## Task instructions
The response must contain each line of the material that holds "then".

## Records provided
######

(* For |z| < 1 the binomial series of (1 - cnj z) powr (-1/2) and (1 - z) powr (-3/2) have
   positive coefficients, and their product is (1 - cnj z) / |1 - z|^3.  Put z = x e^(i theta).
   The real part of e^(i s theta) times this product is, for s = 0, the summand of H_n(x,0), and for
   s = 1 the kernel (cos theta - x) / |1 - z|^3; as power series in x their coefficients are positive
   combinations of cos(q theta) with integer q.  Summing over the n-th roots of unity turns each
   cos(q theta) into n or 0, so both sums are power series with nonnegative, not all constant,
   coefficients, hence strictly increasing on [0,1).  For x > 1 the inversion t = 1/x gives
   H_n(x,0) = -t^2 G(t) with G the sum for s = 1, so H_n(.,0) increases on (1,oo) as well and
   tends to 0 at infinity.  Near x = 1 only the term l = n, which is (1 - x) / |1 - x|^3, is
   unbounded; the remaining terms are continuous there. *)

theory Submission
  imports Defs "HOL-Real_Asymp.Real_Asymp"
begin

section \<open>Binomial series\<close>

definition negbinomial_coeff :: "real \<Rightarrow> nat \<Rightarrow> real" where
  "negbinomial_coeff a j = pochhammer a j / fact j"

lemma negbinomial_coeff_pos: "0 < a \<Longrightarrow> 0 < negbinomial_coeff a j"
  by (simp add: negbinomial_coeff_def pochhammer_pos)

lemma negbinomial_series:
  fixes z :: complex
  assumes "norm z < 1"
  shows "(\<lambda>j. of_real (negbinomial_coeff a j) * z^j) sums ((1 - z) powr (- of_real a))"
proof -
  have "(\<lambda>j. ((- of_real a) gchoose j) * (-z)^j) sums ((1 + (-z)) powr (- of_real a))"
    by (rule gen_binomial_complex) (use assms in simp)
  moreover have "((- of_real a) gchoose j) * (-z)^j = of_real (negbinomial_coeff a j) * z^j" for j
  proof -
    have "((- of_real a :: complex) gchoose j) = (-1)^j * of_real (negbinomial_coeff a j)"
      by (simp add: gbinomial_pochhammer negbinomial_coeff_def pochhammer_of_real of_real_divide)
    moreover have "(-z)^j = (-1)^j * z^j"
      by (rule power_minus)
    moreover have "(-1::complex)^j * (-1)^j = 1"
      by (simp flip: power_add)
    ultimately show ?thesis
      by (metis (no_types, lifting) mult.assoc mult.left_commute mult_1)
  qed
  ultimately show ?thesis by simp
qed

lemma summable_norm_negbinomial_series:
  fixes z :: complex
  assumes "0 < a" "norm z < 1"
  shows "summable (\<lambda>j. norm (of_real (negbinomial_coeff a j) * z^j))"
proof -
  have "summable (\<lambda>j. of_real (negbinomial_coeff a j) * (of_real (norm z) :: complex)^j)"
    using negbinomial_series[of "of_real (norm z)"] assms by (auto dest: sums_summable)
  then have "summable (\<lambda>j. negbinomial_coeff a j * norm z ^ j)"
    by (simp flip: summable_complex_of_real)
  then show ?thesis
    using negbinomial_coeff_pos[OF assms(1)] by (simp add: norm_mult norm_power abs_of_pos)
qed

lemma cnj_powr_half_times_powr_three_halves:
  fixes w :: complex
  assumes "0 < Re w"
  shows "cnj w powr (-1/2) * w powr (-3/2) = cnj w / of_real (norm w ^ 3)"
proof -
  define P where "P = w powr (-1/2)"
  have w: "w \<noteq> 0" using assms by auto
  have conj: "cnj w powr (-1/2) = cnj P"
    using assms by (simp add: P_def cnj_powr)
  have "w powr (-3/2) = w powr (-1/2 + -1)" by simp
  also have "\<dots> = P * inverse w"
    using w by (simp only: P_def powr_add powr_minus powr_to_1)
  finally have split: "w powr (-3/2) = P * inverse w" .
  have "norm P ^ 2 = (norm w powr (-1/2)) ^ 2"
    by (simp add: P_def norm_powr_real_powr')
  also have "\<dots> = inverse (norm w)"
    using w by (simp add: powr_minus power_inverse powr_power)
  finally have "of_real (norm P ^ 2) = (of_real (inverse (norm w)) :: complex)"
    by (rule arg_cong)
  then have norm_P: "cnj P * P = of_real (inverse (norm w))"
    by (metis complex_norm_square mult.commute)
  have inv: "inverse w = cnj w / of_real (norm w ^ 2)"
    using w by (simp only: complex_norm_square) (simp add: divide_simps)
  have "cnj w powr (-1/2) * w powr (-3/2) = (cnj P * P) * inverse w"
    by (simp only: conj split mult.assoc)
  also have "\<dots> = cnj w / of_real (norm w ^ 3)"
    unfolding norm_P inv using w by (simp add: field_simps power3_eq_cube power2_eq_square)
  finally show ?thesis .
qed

######

## Response below
  then have "summable (\<lambda>j. negbinomial_coeff a j * norm z ^ j)"
  then show ?thesis
  then have norm_P: "cnj P * P = of_real (inverse (norm w))"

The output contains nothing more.